What the exercise asks.
Give again, exactly as written, each line of the material below starting at the line that contains "the Euler–Mascheroni constant." and ending at the line that contains "theory Submission". Both ends count, and no other line does.

Task input.
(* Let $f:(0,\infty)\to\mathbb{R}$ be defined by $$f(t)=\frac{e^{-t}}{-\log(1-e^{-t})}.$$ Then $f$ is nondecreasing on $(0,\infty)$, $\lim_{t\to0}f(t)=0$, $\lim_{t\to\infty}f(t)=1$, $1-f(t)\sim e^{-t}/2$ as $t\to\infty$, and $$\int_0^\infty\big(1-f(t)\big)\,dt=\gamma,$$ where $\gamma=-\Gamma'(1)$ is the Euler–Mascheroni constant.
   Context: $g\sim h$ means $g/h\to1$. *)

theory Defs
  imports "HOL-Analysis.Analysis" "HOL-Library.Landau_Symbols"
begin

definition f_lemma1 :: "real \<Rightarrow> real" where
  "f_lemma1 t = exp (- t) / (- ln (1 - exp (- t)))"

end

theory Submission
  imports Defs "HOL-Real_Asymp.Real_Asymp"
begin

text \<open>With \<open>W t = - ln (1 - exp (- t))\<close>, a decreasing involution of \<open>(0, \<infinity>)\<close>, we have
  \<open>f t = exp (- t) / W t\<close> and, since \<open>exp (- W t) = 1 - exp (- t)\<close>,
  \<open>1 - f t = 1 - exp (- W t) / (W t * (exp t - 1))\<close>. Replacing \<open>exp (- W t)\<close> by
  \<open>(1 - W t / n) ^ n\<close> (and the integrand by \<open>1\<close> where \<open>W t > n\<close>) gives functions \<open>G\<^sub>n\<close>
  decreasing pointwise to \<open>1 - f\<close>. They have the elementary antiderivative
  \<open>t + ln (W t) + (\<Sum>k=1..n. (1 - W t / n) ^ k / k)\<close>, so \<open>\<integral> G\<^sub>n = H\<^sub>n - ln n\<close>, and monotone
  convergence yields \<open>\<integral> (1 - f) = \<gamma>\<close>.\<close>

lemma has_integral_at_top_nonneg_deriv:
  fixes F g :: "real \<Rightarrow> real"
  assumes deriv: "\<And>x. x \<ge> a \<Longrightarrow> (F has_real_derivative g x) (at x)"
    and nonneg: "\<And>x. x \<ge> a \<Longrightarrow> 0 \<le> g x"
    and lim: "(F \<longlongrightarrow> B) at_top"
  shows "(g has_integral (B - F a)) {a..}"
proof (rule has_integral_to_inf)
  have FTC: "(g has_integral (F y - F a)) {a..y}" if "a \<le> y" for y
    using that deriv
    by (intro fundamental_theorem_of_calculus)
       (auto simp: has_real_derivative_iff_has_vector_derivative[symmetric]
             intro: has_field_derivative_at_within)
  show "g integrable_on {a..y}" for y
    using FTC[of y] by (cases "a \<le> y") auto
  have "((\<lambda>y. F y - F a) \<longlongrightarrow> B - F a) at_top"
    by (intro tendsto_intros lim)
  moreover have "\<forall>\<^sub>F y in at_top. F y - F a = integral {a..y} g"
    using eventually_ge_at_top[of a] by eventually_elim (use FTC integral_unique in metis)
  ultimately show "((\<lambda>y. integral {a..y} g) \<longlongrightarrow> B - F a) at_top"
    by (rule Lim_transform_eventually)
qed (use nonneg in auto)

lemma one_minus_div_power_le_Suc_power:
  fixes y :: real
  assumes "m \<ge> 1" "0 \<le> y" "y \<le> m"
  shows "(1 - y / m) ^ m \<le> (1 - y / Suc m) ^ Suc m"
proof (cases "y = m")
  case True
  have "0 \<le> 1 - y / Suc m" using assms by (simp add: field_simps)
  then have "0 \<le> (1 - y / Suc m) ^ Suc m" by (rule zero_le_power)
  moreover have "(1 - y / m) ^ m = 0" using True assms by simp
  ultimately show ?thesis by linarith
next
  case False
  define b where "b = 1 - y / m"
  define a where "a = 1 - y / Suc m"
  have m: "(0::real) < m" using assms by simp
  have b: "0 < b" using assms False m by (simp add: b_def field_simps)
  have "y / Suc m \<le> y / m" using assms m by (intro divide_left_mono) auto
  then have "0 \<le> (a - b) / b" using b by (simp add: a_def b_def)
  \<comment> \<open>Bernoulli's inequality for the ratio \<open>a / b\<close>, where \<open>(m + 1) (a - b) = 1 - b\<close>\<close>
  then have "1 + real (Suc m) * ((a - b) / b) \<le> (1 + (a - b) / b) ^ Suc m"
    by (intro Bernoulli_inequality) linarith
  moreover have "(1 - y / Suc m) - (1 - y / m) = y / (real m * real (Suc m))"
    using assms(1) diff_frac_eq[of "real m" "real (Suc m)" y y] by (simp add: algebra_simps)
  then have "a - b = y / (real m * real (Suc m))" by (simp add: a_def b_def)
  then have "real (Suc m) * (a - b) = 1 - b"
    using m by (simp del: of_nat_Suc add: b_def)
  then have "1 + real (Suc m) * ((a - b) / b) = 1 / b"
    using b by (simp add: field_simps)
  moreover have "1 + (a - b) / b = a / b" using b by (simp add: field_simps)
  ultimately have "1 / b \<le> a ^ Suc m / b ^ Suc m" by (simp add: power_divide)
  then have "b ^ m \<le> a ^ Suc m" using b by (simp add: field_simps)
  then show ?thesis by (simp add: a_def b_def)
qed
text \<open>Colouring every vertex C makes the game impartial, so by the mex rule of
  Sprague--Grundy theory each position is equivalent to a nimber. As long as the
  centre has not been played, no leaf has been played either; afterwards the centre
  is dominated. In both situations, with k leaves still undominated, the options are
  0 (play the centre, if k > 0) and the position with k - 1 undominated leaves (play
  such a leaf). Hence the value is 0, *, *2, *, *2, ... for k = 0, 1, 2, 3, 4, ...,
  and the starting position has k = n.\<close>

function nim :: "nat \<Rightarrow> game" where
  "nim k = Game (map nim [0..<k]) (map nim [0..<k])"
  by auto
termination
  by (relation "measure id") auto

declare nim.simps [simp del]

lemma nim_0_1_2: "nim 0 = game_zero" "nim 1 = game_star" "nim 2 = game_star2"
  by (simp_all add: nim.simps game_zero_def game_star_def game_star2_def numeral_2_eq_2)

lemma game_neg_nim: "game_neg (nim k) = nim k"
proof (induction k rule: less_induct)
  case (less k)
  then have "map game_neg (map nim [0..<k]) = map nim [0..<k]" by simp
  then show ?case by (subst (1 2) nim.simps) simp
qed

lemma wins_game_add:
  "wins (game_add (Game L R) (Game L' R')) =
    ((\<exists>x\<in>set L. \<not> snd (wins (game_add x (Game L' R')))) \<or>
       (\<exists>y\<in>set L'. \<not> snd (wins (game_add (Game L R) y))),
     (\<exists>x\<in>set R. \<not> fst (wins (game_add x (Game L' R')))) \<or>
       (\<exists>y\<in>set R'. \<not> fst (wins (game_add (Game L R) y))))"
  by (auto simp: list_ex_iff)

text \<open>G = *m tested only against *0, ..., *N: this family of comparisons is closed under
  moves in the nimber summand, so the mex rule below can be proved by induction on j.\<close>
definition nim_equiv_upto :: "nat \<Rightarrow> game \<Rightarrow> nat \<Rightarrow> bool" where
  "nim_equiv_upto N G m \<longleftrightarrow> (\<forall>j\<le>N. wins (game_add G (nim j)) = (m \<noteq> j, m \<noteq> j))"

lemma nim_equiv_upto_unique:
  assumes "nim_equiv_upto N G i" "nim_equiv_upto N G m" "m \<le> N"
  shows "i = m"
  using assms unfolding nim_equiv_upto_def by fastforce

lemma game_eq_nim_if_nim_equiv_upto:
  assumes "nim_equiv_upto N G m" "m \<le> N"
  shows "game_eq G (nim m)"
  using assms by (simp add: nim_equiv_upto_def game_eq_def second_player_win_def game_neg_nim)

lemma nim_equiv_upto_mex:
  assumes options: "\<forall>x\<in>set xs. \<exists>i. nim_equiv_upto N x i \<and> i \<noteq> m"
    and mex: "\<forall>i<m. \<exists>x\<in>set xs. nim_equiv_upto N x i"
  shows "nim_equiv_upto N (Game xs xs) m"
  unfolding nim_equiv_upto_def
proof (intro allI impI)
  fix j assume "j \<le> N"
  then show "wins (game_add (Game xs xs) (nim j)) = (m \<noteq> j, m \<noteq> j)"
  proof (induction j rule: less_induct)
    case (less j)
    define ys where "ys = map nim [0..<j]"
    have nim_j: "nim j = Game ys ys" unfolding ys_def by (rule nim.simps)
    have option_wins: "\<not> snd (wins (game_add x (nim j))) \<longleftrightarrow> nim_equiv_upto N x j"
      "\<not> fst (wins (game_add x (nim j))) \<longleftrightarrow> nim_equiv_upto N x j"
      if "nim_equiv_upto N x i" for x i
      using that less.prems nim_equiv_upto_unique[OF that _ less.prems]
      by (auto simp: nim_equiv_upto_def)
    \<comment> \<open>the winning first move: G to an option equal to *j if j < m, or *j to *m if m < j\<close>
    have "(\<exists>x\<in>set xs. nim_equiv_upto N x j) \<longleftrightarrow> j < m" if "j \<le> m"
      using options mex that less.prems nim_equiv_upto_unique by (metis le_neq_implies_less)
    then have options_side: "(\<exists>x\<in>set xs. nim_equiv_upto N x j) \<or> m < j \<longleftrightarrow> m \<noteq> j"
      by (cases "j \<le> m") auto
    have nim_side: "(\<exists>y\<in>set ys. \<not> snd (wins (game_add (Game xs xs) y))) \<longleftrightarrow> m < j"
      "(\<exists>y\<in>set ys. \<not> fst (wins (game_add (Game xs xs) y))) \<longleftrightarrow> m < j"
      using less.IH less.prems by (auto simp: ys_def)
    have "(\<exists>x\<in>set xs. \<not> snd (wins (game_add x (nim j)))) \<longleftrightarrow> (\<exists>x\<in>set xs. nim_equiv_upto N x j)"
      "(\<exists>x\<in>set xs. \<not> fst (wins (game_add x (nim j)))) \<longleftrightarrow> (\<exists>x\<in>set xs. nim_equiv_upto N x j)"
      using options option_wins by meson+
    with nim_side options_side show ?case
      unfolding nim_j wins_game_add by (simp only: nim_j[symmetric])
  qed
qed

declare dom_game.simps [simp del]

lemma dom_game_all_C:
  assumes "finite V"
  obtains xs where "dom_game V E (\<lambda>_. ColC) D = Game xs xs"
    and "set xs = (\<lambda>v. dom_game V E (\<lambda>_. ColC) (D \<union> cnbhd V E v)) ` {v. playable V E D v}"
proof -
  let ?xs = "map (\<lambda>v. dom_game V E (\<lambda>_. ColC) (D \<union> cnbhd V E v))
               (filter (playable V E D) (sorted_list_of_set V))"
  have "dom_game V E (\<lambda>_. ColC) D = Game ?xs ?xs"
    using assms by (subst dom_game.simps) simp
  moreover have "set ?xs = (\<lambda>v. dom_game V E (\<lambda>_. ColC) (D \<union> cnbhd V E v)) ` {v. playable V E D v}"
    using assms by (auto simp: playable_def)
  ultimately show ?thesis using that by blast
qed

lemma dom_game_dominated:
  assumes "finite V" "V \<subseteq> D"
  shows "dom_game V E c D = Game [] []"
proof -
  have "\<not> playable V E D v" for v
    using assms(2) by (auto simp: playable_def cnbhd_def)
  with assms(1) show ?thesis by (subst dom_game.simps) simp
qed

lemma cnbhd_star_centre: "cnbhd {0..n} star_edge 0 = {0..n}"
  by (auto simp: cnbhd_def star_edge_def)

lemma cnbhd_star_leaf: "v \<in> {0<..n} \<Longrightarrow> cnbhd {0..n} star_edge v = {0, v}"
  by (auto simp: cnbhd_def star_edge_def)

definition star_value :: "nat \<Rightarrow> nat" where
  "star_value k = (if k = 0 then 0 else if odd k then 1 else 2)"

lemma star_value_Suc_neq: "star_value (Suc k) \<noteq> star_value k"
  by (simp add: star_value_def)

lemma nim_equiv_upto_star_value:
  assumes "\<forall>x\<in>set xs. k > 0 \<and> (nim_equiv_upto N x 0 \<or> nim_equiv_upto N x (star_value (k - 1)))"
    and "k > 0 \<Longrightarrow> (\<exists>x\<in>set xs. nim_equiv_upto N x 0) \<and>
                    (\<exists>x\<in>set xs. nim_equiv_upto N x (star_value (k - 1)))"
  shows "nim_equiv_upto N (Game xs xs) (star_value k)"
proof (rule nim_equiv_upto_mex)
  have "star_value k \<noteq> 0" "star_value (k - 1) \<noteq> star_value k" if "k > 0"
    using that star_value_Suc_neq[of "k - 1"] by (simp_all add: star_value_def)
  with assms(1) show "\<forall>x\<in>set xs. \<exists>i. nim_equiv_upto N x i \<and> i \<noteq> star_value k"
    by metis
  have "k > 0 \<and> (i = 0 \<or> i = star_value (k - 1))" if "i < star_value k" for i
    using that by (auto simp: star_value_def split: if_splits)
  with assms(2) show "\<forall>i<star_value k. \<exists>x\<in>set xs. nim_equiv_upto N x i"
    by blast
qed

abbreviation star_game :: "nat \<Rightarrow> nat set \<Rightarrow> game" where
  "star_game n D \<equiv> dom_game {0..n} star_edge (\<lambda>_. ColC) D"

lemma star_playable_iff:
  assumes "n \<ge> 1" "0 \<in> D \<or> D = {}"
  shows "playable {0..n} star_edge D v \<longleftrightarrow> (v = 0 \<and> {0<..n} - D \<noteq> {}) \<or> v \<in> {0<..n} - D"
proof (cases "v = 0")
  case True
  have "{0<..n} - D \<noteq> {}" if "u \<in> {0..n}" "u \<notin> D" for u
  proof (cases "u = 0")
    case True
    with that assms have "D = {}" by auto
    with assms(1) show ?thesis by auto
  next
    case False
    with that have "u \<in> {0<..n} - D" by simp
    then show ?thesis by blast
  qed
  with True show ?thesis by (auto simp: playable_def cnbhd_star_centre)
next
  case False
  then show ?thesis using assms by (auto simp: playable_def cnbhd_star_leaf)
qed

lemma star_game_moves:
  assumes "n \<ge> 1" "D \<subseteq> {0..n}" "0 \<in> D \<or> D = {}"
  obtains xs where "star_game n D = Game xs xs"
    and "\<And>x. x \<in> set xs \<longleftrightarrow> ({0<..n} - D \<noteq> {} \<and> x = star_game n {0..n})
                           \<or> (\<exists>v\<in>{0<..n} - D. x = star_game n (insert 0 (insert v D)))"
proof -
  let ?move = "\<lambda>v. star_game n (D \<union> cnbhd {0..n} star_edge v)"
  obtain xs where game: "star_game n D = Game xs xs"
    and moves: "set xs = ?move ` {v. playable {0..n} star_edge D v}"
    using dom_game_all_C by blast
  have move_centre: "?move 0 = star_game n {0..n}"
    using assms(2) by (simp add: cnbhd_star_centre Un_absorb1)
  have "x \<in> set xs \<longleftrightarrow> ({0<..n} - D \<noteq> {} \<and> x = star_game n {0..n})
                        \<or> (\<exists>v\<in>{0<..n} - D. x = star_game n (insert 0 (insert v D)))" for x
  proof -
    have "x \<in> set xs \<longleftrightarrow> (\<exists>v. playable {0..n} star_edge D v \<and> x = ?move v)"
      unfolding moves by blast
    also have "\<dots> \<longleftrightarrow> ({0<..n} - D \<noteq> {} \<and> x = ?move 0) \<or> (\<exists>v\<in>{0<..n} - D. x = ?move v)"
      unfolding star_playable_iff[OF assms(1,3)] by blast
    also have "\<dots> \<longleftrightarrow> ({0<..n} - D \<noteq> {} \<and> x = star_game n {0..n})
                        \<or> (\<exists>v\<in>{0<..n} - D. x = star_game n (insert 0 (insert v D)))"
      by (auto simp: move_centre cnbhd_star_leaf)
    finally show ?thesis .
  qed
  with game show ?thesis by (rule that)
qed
--
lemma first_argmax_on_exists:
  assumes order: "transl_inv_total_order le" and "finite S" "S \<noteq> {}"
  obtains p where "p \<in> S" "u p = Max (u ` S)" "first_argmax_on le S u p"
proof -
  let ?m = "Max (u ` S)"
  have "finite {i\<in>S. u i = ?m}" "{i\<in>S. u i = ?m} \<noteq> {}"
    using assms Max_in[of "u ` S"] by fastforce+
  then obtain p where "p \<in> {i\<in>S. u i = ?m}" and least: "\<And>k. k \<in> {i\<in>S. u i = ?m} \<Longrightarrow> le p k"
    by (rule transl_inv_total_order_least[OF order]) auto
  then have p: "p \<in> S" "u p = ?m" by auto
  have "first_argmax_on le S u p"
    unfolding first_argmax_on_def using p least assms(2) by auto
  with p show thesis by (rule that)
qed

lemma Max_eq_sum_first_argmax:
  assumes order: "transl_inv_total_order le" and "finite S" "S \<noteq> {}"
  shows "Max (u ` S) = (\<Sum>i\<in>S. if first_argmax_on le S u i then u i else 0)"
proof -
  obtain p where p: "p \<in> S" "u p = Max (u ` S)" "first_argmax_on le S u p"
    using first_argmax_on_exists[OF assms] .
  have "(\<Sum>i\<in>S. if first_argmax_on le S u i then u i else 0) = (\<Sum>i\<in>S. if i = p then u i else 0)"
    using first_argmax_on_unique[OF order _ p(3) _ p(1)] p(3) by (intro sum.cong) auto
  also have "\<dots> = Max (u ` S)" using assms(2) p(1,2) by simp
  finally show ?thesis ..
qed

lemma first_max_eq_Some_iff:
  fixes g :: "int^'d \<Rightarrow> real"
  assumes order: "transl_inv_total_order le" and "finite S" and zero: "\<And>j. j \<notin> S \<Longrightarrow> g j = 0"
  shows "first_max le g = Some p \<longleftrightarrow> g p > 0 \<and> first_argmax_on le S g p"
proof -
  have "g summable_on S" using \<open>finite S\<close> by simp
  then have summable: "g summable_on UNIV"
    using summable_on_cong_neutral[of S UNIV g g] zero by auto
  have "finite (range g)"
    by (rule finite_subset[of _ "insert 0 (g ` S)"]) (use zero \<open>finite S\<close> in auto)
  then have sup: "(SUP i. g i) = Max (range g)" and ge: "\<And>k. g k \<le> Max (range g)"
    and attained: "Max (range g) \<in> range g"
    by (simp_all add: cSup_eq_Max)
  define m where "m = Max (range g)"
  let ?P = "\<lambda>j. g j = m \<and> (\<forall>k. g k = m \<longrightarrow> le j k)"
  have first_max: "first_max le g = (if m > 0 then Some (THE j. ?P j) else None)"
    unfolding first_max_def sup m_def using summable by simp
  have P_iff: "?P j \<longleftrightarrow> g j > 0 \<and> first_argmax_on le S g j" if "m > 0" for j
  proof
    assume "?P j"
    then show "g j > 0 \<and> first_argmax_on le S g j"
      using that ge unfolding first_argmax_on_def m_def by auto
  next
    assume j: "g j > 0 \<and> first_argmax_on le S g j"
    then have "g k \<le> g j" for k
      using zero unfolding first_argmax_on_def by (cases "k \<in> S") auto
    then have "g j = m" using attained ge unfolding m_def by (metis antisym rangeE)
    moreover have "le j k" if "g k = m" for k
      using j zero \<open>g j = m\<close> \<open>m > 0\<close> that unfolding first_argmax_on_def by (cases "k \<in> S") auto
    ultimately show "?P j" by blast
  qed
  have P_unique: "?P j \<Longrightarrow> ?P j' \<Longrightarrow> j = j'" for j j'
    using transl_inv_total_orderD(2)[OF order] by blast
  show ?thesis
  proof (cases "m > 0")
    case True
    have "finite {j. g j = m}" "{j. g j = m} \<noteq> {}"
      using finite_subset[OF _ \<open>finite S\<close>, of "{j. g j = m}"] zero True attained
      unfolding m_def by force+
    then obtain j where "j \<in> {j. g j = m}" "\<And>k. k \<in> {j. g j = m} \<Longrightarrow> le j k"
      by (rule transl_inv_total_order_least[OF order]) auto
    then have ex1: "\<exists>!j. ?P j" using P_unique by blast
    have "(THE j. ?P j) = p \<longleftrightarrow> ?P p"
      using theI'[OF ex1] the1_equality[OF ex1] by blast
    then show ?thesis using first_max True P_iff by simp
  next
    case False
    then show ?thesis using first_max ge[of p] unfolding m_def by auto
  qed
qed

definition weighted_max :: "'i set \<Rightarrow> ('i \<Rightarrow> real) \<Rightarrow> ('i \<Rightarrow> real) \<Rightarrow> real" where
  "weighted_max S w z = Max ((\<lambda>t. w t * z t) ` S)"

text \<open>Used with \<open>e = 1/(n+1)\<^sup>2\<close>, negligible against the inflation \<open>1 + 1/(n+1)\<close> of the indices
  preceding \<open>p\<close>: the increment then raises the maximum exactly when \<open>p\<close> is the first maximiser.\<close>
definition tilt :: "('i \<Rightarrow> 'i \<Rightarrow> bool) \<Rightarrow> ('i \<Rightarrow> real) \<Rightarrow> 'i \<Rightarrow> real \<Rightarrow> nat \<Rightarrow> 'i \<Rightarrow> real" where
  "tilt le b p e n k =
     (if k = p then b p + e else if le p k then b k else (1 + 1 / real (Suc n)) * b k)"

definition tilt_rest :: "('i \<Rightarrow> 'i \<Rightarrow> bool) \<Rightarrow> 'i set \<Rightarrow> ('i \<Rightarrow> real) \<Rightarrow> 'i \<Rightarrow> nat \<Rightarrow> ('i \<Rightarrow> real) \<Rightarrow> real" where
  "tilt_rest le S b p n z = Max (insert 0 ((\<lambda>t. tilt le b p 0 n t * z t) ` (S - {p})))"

Result of this task.
(* Let $f:(0,\infty)\to\mathbb{R}$ be defined by $$f(t)=\frac{e^{-t}}{-\log(1-e^{-t})}.$$ Then $f$ is nondecreasing on $(0,\infty)$, $\lim_{t\to0}f(t)=0$, $\lim_{t\to\infty}f(t)=1$, $1-f(t)\sim e^{-t}/2$ as $t\to\infty$, and $$\int_0^\infty\big(1-f(t)\big)\,dt=\gamma,$$ where $\gamma=-\Gamma'(1)$ is the Euler–Mascheroni constant.
   Context: $g\sim h$ means $g/h\to1$. *)

theory Defs
  imports "HOL-Analysis.Analysis" "HOL-Library.Landau_Symbols"
begin

definition f_lemma1 :: "real \<Rightarrow> real" where
  "f_lemma1 t = exp (- t) / (- ln (1 - exp (- t)))"

end

theory Submission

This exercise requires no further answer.